(* Let $X$ be a Banach space and $T\in\mathcal B(X)$ be approximable in the $\mathcal B(X)$ norm by finite-rank operators. Then either $f=Tf$ has a nonzero solution $f\in X$, or $(I-T)^{-1}\in\mathcal B(X)$. In the latter case: (i) if $T$ has finite rank and belongs to a (not necessarily closed) Banach operator subalgebra $\widehat X\subset\mathcal B(X)$, then $(I-T)^{-1}-I\in\widehat X$; (ii) if $\widehat X\subset\mathcal B(X)$ is a subalgebra such that $T_1TT_2\in\widehat X$ with $\|T_1TT_2\|_{\widehat X}\lesssim\|T_1\|_{\widehat X}\|T\|_{\mathcal B(X)}\|T_2\|_{\widehat X}$ for all $T_1,T_2\in\widehat X$, $T\in\mathcal B(X)$, and $T\in\widehat X$ is approximable by finite-rank operators in the $\widehat X$ norm, then $(I-T)^{-1}-I\in\widehat X$. *)

theory Defs
  imports "HOL-Analysis.Analysis"
begin

(* Bounded linear operators on a (real) Banach space X are the type
  'a =>L 'a with the operator norm. *)

definition finite_rank :: "('a::real_normed_vector \<Rightarrow>\<^sub>L 'a) \<Rightarrow> bool" where
  "finite_rank T \<longleftrightarrow> (\<exists>B. finite B \<and> range (blinfun_apply T) \<subseteq> span B)"

definition approx_finite_rank :: "('a::real_normed_vector \<Rightarrow>\<^sub>L 'a) \<Rightarrow> bool" where
  "approx_finite_rank T \<longleftrightarrow> T \<in> closure {S. finite_rank S}"

(* A (not necessarily closed) Banach operator subalgebra: a subset A of B(X),
  closed under the algebra operations, carrying its own norm N in which it is a
  Banach algebra (complete, submultiplicative), continuously embedded in B(X).*)
definition banach_op_subalgebra ::
  "('a::real_normed_vector \<Rightarrow>\<^sub>L 'a) set \<Rightarrow> (('a \<Rightarrow>\<^sub>L 'a) \<Rightarrow> real) \<Rightarrow> bool" where
  "banach_op_subalgebra A N \<longleftrightarrow>
     0 \<in> A \<and>
     (\<forall>S\<in>A. \<forall>T\<in>A. S + T \<in> A) \<and>
     (\<forall>c. \<forall>S\<in>A. c *\<^sub>R S \<in> A) \<and>
     (\<forall>S\<in>A. \<forall>T\<in>A. S o\<^sub>L T \<in> A) \<and>
     (\<forall>S\<in>A. 0 \<le> N S \<and> (N S = 0 \<longleftrightarrow> S = 0)) \<and>
     (\<forall>S\<in>A. \<forall>T\<in>A. N (S + T) \<le> N S + N T) \<and>
     (\<forall>c. \<forall>S\<in>A. N (c *\<^sub>R S) = \<bar>c\<bar> * N S) \<and>
     (\<forall>S\<in>A. \<forall>T\<in>A. N (S o\<^sub>L T) \<le> N S * N T) \<and>
     (\<forall>f :: nat \<Rightarrow> ('a \<Rightarrow>\<^sub>L 'a). (\<forall>n. f n \<in> A) \<and>
         (\<forall>e>0. \<exists>M. \<forall>m\<ge>M. \<forall>n\<ge>M. N (f m - f n) < e)
        \<longrightarrow> (\<exists>L\<in>A. (\<lambda>n. N (f n - L)) \<longlonglongrightarrow> 0)) \<and>
     (\<exists>C. \<forall>S\<in>A. norm S \<le> C * N S)"

end

theory Submission
  imports Defs "HOL-Analysis.Finite_Function_Topology"
begin

text \<open>
  Suppose \<open>I - T\<close> is injective and choose a finite-rank \<open>F\<close> with \<open>T - F\<close> of norm below 1
  (in the norm of the subalgebra for (ii); \<open>F = T\<close> for (i)). The Neumann series inverts
  \<open>I - (T - F)\<close> as \<open>I + L\<close> with \<open>L\<close> in the subalgebra, and
  \<open>I - T = (I - (T - F)) (I - G)\<close> with \<open>G = (I + L) F\<close> of finite rank.
  For finite-rank \<open>G\<close> the span of the powers \<open>G, G\<^sup>2, \<dots>\<close> is finite-dimensional, and on it
  \<open>R \<mapsto> R - G R\<close> is injective, hence surjective: solving \<open>R - G R = G\<close> gives
  \<open>(I - G)\<^sup>-\<^sup>1 = I + R\<close> with \<open>R\<close> a combination of powers of \<open>G\<close>, which therefore lies in
  every subalgebra containing \<open>G\<close>. Hence \<open>(I - T)\<^sup>-\<^sup>1 - I = L + R + R L\<close> lies in the subalgebra.
\<close>

lemma linear_inj_on_imp_surj_on_finite_span:
  fixes f :: "'b::real_vector \<Rightarrow> 'b"
  assumes "linear f" and "subspace U" and "U \<subseteq> span G" and "finite G"
    and "f ` U \<subseteq> U" and "inj_on f U"
  shows "U \<subseteq> f ` U"
proof
  obtain B where B: "B \<subseteq> U" "independent B" "U \<subseteq> span B"
    by (rule basis_exists)
  have "B \<subseteq> span G"
    using B(1) \<open>U \<subseteq> span G\<close> by (rule order_trans)
  then have "finite B"
    by (rule conjunct1[OF independent_span_bound[OF \<open>finite G\<close> B(2)]])
  have span_B: "span B \<subseteq> U"
    using span_minimal[OF B(1) \<open>subspace U\<close>] .
  have indep_fB: "independent (f ` B)"
    using linear_independent_injective_image[OF \<open>linear f\<close> B(2)]
      inj_on_subset[OF \<open>inj_on f U\<close> span_B] .
  have card_fB: "card (f ` B) = card B"
    using card_image[OF inj_on_subset[OF \<open>inj_on f U\<close> B(1)]] .
  have "f ` B \<subseteq> span B"
    using image_mono[OF B(1)] \<open>f ` U \<subseteq> U\<close> B(3) by (rule order_trans[OF order_trans])
  fix v assume "v \<in> U"
  have "v \<in> span (f ` B)"
  proof (rule ccontr)
    assume v_notin: "v \<notin> span (f ` B)"
    then have "v \<notin> f ` B"
      using span_base by metis
    have "insert v (f ` B) \<subseteq> span B"
      using \<open>v \<in> U\<close> B(3) \<open>f ` B \<subseteq> span B\<close> by (intro insert_subsetI) auto
    then have "card (insert v (f ` B)) \<le> card B"
      by (rule conjunct2[OF independent_span_bound[OF \<open>finite B\<close> independent_insertI[OF v_notin indep_fB]]])
    moreover have "card (insert v (f ` B)) = Suc (card (f ` B))"
      using \<open>finite B\<close> \<open>v \<notin> f ` B\<close> by simp
    ultimately show False
      using card_fB by simp
  qed
  then have "v \<in> f ` span B"
    using linear_span_image[OF \<open>linear f\<close>] by metis
  then show "v \<in> f ` U"
    using span_B by blast
qed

PROMPT: Taking the entries above, restate exactly those lines that fall between the line with "text \<open>" and the line with "(in the norm", keeping both of those lines too.

ANSWER TO THE PROBLEM:
text \<open>
  Suppose \<open>I - T\<close> is injective and choose a finite-rank \<open>F\<close> with \<open>T - F\<close> of norm below 1
  (in the norm of the subalgebra for (ii); \<open>F = T\<close> for (i)). The Neumann series inverts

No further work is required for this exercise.